Content marketing ROI and that dangerous sales-marketing gap
- Content marketing is in peril of falling into a dangerous gap between marketing and sales. Here's why - and what to do about it.
It's not what you would call electrifying work, but measuring the results of a good content strategy absolutely can be done. Contrary to the myth that there is no 'return on content', content ROI can be demonstrated to bean counters and senior executives. The tools and analytics are there now. So what's the problem?
Why the sales-marketing gap hurts content
Content marketing is in peril of falling into a dangerous gap between marketing and sales. The gap is bad enough - even worse is when communication flows in one direction (from marketing to sales via lead information), when sales should be playing the defining role by shaping the prospect profiles that content is geared towards.

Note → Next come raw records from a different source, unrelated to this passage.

(* Let $(X,\mathbb{A},d)$ be a complete $C^*$-algebra valued asymmetric metric space and let $T:X\to X$ be a forward $C^*$-algebra valued contractive mapping, i.e. there exists $a\in\mathbb{A}$ with $\|a\|<1$ such that $d(Tx,Ty)\preceq a^*\,d(x,y)\,a$ for all $x,y\in X$. Then $T$ has a unique fixed point in $X$.
   Context: $\mathbb{A}$ is a unital $C^*$-algebra with unit $I_{\mathbb{A}}$ and zero $0_{\mathbb{A}}$; $\mathbb{A}^+$ denotes its positive elements and, for self-adjoint $a,b$, $a\preceq b$ means $b-a\in\mathbb{A}^+$. $\epsilon\succ 0_{\mathbb{A}}$ means $\epsilon\in\mathbb{A}^+$ is invertible (equivalently $\epsilon\succeq\delta I_{\mathbb{A}}$ for some real $\delta>0$). A $C^*$-algebra valued asymmetric metric on a nonempty set $X$ is a map $d:X\times X\to\mathbb{A}$ such that (i) $0_{\mathbb{A}}\preceq d(x,y)$ for all $x,y$, and $d(x,y)=0_{\mathbb{A}}$ iff $x=y$; (ii) $d(x,y)\preceq d(x,z)+d(z,y)$ for all $x,y,z$ (symmetry not required); $(X,\mathbb{A},d)$ is then a $C^*$-algebra valued asymmetric metric space. A sequence $\{x_n\}$ forward converges to $x$ if for every $\epsilon\succ0_{\mathbb{A}}$ there is $k$ with $d(x,x_n)\preceq\epsilon$ for all $n\ge k$; it backward converges to $x$ if for every $\epsilon\succ0_{\mathbb{A}}$ there is $k$ with $d(x_n,x)\preceq\epsilon$ for all $n\ge k$. $\{x_n\}$ is forward Cauchy if for every $\epsilon\succ0_{\mathbb{A}}$ there is $k$ with $d(x_p,x_n)\preceq\epsilon$ for all $n>p\ge k$; it is backward Cauchy if for every $\epsilon\succ0_{\mathbb{A}}$ there is $k$ with $d(x_n,x_p)\preceq\epsilon$ for all $n>p\ge k$. $X$ is forward (resp. backward) complete if every forward (resp. backward) Cauchy sequence forward (resp. backward) converges to some point of $X$; $X$ is complete if it is both forward and backward complete. *)

theory Defs
  imports "HOL-Analysis.Analysis"
begin

text \<open>A unital complex C*-algebra, presented on a type 'a that is a real Banach algebra
with unit (norm 1 = 1), together with a complex scalar multiplication sc and an
involution star satisfying the C*-identity.\<close>

definition cstar_algebra ::
  "(complex \<Rightarrow> 'a::{real_normed_algebra_1,banach} \<Rightarrow> 'a) \<Rightarrow> ('a \<Rightarrow> 'a) \<Rightarrow> bool" where
  "cstar_algebra sc star \<longleftrightarrow>
     (\<forall>r x. sc (complex_of_real r) x = scaleR r x) \<and>
     (\<forall>c1 c2 x. sc (c1 * c2) x = sc c1 (sc c2 x)) \<and>
     (\<forall>c1 c2 x. sc (c1 + c2) x = sc c1 x + sc c2 x) \<and>
     (\<forall>c x y. sc c (x + y) = sc c x + sc c y) \<and>
     (\<forall>c x. norm (sc c x) = cmod c * norm x) \<and>
     (\<forall>c x y. sc c (x * y) = sc c x * y \<and> sc c (x * y) = x * sc c y) \<and>
     (\<forall>x. star (star x) = x) \<and>
     (\<forall>x y. star (x + y) = star x + star y) \<and>
     (\<forall>x y. star (x * y) = star y * star x) \<and>
     (\<forall>c x. star (sc c x) = sc (cnj c) (star x)) \<and>
     (\<forall>x. norm (star x * x) = (norm x)\<^sup>2)"
(* Let $A\in\mathbb{R}^{m\times n}$, and let $p:[0,\infty)\to\mathbb{R}$ be concave, increasing and continuous with right derivative $p'(0+)>0$. For $x\in\mathbb{R}^n$ define $R(x)\in\mathbb{R}^n$ by $$R(x)_i=\mathrm{sgn}(x_i)\Big(1-\frac{d_i(x)}{p'(0+)}\Big),$$ where $d_i(x)=p'(0+)$ if $x_i=0$, and, if $x_i\neq0$, $d_i(x)$ is any element of the superdifferential $[p'_+(|x_i|),p'_-(|x_i|)]$ of the concave function $p$ at $|x_i|$, chosen depending only on $|x_i|$. Let $\bar x\in\mathbb{R}^n$ have support $T$ and equal-height peaks, i.e. $|\bar x_i|=|\bar x_j|$ for all $i,j\in T$. Consider the iteration $x^{(0)}=\mathbf{0}$ and $$x^{(k+1)}\in\arg\min_{x\in\mathbb{R}^n}\ \|x\|_1-\langle R(x^{(k)}),x\rangle\quad\text{s.t.}\quad Ax=A\bar x,\qquad k=0,1,2,\dots$$ If basis pursuit uniquely recovers $\bar x$, i.e. $\bar x$ is the unique solution of $\min_x\|x\|_1$ s.t. $Ax=A\bar x$, then so does the iteration: for every $k\ge0$ the minimization problem defining $x^{(k+1)}$ has $\bar x$ as its unique solution, so $x^{(k)}=\bar x$ for all $k\ge1$.
   Context: $\mathrm{sgn}(t)=t/|t|$ for $t\neq0$ and $\mathrm{sgn}(0)=0$. The support of $\bar x$ is $\{i:\bar x_i\neq0\}$. *)

theory Defs
  imports "HOL-Analysis.Analysis"
begin

definition l1norm :: "real ^ 'n \<Rightarrow> real" where
  "l1norm x = (\<Sum>i\<in>UNIV. \<bar>x $ i\<bar>)"

definition superdiff :: "(real \<Rightarrow> real) \<Rightarrow> real \<Rightarrow> real set" where
  "superdiff p t = {g. \<forall>s\<ge>0. p s \<le> p t + g * (s - t)}"
(* Let $G$ be a finite EPO group. Then $\mathcal{S}(G)$ is cyclically separable if and only if either $pq$ divides $|G|$ for some primes $p > q \geq 5$, or at least two of the following three conditions hold: (i) $p$ divides $|G|$ for some prime $p \geq 5$; (ii) $3$ divides $|G|$ and $G$ has a Sylow $3$-subgroup which is not cyclic or is not normal in $G$; (iii) $2$ divides $|G|$ and $G$ has a Sylow $2$-subgroup which is not cyclic or is not normal in $G$.
   Context: A finite group is an EPO group if every non-identity element has prime order. All graphs are simple and undirected. For a finite group $G$, the order supergraph $\mathcal{S}(G)$ is the graph with vertex set $G$ in which two distinct vertices $x,y$ are adjacent if and only if the order of $x$ divides the order of $y$ or the order of $y$ divides the order of $x$. For a graph $\Gamma$, a vertex cutset is a set $S$ of vertices such that $\Gamma - S$ is disconnected; a cyclic vertex cutset is a vertex cutset $S$ such that $\Gamma - S$ has at least two connected components each of which contains a cycle. $\Gamma$ is called cyclically separable if it has a cyclic vertex cutset. *)

theory Defs
  imports "HOL-Algebra.Algebra" "HOL-Computational_Algebra.Primes"
begin

definition EPO_group :: "('a, 'b) monoid_scheme \<Rightarrow> bool" where
  "EPO_group G \<longleftrightarrow> group G \<and>
     (\<forall>x \<in> carrier G. x \<noteq> \<one>\<^bsub>G\<^esub> \<longrightarrow> Factorial_Ring.prime (group.ord G x))"

definition sylow_subgroup :: "('a, 'b) monoid_scheme \<Rightarrow> nat \<Rightarrow> 'a set \<Rightarrow> bool" where
  "sylow_subgroup G p P \<longleftrightarrow> subgroup P G \<and> card P = p ^ multiplicity p (order G)"

section \<open>Simple graphs given by a vertex set and a symmetric irreflexive adjacency\<close>

definition graph_reach :: "'v set \<Rightarrow> ('v \<Rightarrow> 'v \<Rightarrow> bool) \<Rightarrow> 'v \<Rightarrow> 'v \<Rightarrow> bool" where
  "graph_reach V E = (\<lambda>a b. a \<in> V \<and> b \<in> V \<and> E a b)\<^sup>*\<^sup>*"

definition graph_components :: "'v set \<Rightarrow> ('v \<Rightarrow> 'v \<Rightarrow> bool) \<Rightarrow> 'v set set" where
  "graph_components V E = {{y \<in> V. graph_reach V E x y} | x. x \<in> V}"

definition has_cycle :: "'v set \<Rightarrow> ('v \<Rightarrow> 'v \<Rightarrow> bool) \<Rightarrow> bool" where
  "has_cycle C E \<longleftrightarrow> (\<exists>xs. distinct xs \<and> length xs \<ge> 3 \<and> set xs \<subseteq> C \<and>
      (\<forall>i. Suc i < length xs \<longrightarrow> E (xs ! i) (xs ! Suc i)) \<and> E (last xs) (hd xs))"

definition vertex_cutset :: "'v set \<Rightarrow> ('v \<Rightarrow> 'v \<Rightarrow> bool) \<Rightarrow> 'v set \<Rightarrow> bool" where
  "vertex_cutset V E S \<longleftrightarrow> S \<subseteq> V \<and> (\<exists>C1 C2. C1 \<in> graph_components (V - S) E \<and>
      C2 \<in> graph_components (V - S) E \<and> C1 \<noteq> C2)"

definition cyclic_vertex_cutset :: "'v set \<Rightarrow> ('v \<Rightarrow> 'v \<Rightarrow> bool) \<Rightarrow> 'v set \<Rightarrow> bool" where
  "cyclic_vertex_cutset V E S \<longleftrightarrow> vertex_cutset V E S \<and>
     (\<exists>C1 C2. C1 \<in> graph_components (V - S) E \<and> C2 \<in> graph_components (V - S) E \<and>
        C1 \<noteq> C2 \<and> has_cycle C1 E \<and> has_cycle C2 E)"

definition cyclically_separable :: "'v set \<Rightarrow> ('v \<Rightarrow> 'v \<Rightarrow> bool) \<Rightarrow> bool" where
  "cyclically_separable V E \<longleftrightarrow> (\<exists>S. cyclic_vertex_cutset V E S)"

text \<open>Adjacency of the order supergraph S(G) (vertex set: carrier G).\<close>
definition order_supergraph_adj :: "('a, 'b) monoid_scheme \<Rightarrow> 'a \<Rightarrow> 'a \<Rightarrow> bool" where
  "order_supergraph_adj G x y \<longleftrightarrow> x \<noteq> y \<and>
     (group.ord G x dvd group.ord G y \<or> group.ord G y dvd group.ord G x)"

end

theory Submission
  imports Defs
begin

text \<open>
  In an EPO group two non-identity elements are adjacent in \<open>S(G)\<close> exactly when they have the
  same (prime) order, while the identity is adjacent to every vertex. So \<open>S(G)\<close> is a cone over
  the disjoint union of the cliques \<open>{x. ord x = p}\<close>; the apex lies in every cutset, and
  \<open>S(G)\<close> is cyclically separable iff at least two of these cliques have three or more vertices.

  For a prime \<open>p \<ge> 5\<close> dividing \<open>|G|\<close> the non-identity powers of an element of order \<open>p\<close>
  already give \<open>p - 1 \<ge> 4\<close> elements of order \<open>p\<close>. For every prime \<open>p\<close> dividing \<open>|G|\<close>,
  there are at most \<open>p - 1\<close> elements of order \<open>p\<close> iff a Sylow \<open>p\<close>-subgroup \<open>P\<close> is cyclic and
  normal: then \<open>|P| = p\<close>, and a normal subgroup of index prime to \<open>p\<close> contains every element of
  order \<open>p\<close>; conversely, if there are few elements of order \<open>p\<close>, a Sylow subgroup is forced
  to be \<open>{1} \<union> {x. ord x = p}\<close>, which has order \<open>p\<close> and is closed under conjugation. Finally two involutions always produce a third, so for
  \<open>p = 2\<close> "at most 1" and "fewer than 3" agree.
\<close>

section \<open>Cones over disjoint cliques\<close>

lemma graph_reach_refl: "graph_reach V E a a"
  unfolding graph_reach_def by simp

lemma graph_reach_edge: "a \<in> V \<Longrightarrow> b \<in> V \<Longrightarrow> E a b \<Longrightarrow> graph_reach V E a b"
  unfolding graph_reach_def by (rule r_into_rtranclp) simp

lemma graph_reach_trans:
  "graph_reach V E a b \<Longrightarrow> graph_reach V E b c \<Longrightarrow> graph_reach V E a c"
  unfolding graph_reach_def by (rule rtranclp_trans)

lemma graph_reach_sym:
  assumes "\<And>x y. x \<in> V \<Longrightarrow> y \<in> V \<Longrightarrow> E x y \<Longrightarrow> E y x"
    and "graph_reach V E a b"
  shows "graph_reach V E b a"
proof -
  have "symp (\<lambda>a b. a \<in> V \<and> b \<in> V \<and> E a b)" using assms(1) by (auto simp: symp_def)
  then have "symp (graph_reach V E)"
    unfolding graph_reach_def by (rule symp_rtranclp)
  then show ?thesis
    using assms(2) by (rule sympD)
qed

lemma graph_reach_invariant:
  assumes "\<And>x y. x \<in> V \<Longrightarrow> y \<in> V \<Longrightarrow> E x y \<Longrightarrow> f x = f y"
    and "graph_reach V E a b"
  shows "f b = f a"
  using assms(2) unfolding graph_reach_def
  by (induction rule: rtranclp_induct) (auto dest: assms(1))

lemma graph_components_subset: "C \<in> graph_components V E \<Longrightarrow> C \<subseteq> V"
  unfolding graph_components_def by auto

Hubspot's 2013 State of Inbound Marketing Report brings fresh data on this dilemma (For terminology mavens, I would define content marketing as the central component of an 'inbound' strategy, though the 'inbound' term can be deceptive given that a key objective is to get audiences to opt-in and then push personalized information back out to them).
As buyer personas expert Tony Zambito noted, Hubspot found that of the 3,300 surveyed (from 128 countries), only 24% of marketers had a formalized agreement for lead handoffs.
Needless to say, Zambito isn't thrilled with the low level of marketing-sales cooperation these numbers imply:
This can also potentially indicate content marketers are working in isolation when it comes to understanding the various buying scenarios and buying cycles of buyers. Concentrating on the tactics of demand generation narrowly. Forgetting the crucial value of well-placed content during the entire path-to purchase of buyers. Meaning, content marketing efforts are only addressing half of the buyer’s story, which includes sales interaction.
Hubspot found those organizations that do establish shared marketing and sales responsibilities see marked decreases in their lead generation costs: 'The average cost per lead for marketers with a formal sales agreement is $24, versus $49 for those without.'
Buyer personas dictate organizational change
Advocates for buyer personas would take this discussion further than a cost per lead metric. Without precision on the personas the content is targeting - and the type of content needed throughout the sales cycle for each persona - the entire content marketing initiative is like a barstool on wobbly legs, threatening to take its sponsors down at any time. Zambito:
By understanding buying scenarios, you will better be able to collaborate with sales. It starts with the CMO AND CSO making this happen. The throwing over the fence of content for sales to use is not working. Rather than focus on the “content pieces” sales needs from marketing, focus on what supports buyer goals, their buying scenarios, and helps them complete their path-to-purchase.
Hubspot is also all-in on the personas approach, going so far as to rearrange their teams' workstations around different personas. This is the kind of aggressive move that forces a culture change. In Hubspot's view, this change is about moving from a product focus to a customer focus. Once this change is underway, the right kind of content should flow: 'The heart of inbound marketing requires turning the lens away from a rigid, product-based strategy and toward solving your customers’ key challenges – and delighting them with insight and education along the way.'
To ensure the type of cooperation that leads to content results, Hubspot advocates formal Service Level Agreements (SLAs) between marketing and sales, defining targets for the number of leads generated each month and how those leads will be pursued and tracked by sales.
An SLA approach makes sense. My add: the most effective marketing teams I have worked with don't just toss job titles and email addresses over to sales - they also take responsibility for initial lead qualification. Given that high performing salespeople are a beast to obtain, train and retain (especially in complex B2B industries), it doesn't make sense to waste a 'hunters' time on an old tire floating in the water.
When marketing teams pre-qualify the leads their content generates, they are forced into the ongoing communication required for such 'warm handoffs' to happen. Salespeople who might blow off or resist a 'buyer personas workshop' will happily share that invaluable info in bits and pieces - if the result is warm leads and less time calling the wrong people at the wrong time of year.
Content marketing ROI is a frustrating topic for me. I appreciate the importance of quantifying the benefits but as someone whose career has been completely transformed (maybe even saved) by these principles, I have to check myself and recognize large enterprise have a different set of content obstacles.
When we frame the struggle for content ROI as part of a difficult-but necessary shift in how marketing and sales interact, the existential predicaments of so-called inbound marketers make a heck of a lot more sense. Add the shift from a product focus to a customer-driven approach and you can see the trouble companies are getting into (I regularly interact with companies that cannot give me compelling specifics on their target content audience and what that audience is looking for).
Reframing the content marketing challenges with sales-versus-marketing in mind, I'll rank them from most difficult to least:
- creating truly memorable content that reinforces brand and expertise
- bridging the sales-marketing gap for accurate personas and better/cheaper lead gen
- establishing content marketing ROI
- building a robust opt-in distribution platform
- measuring/analyzing the success of content marketing campaigns
None of these are cake walks, which gives us some idea of what content marketers are up against and why they are struggling despite the happy hype wave. On the sunnier side, there are plenty of untapped benefits when it comes to content-driven sales enablement. Time to get to it.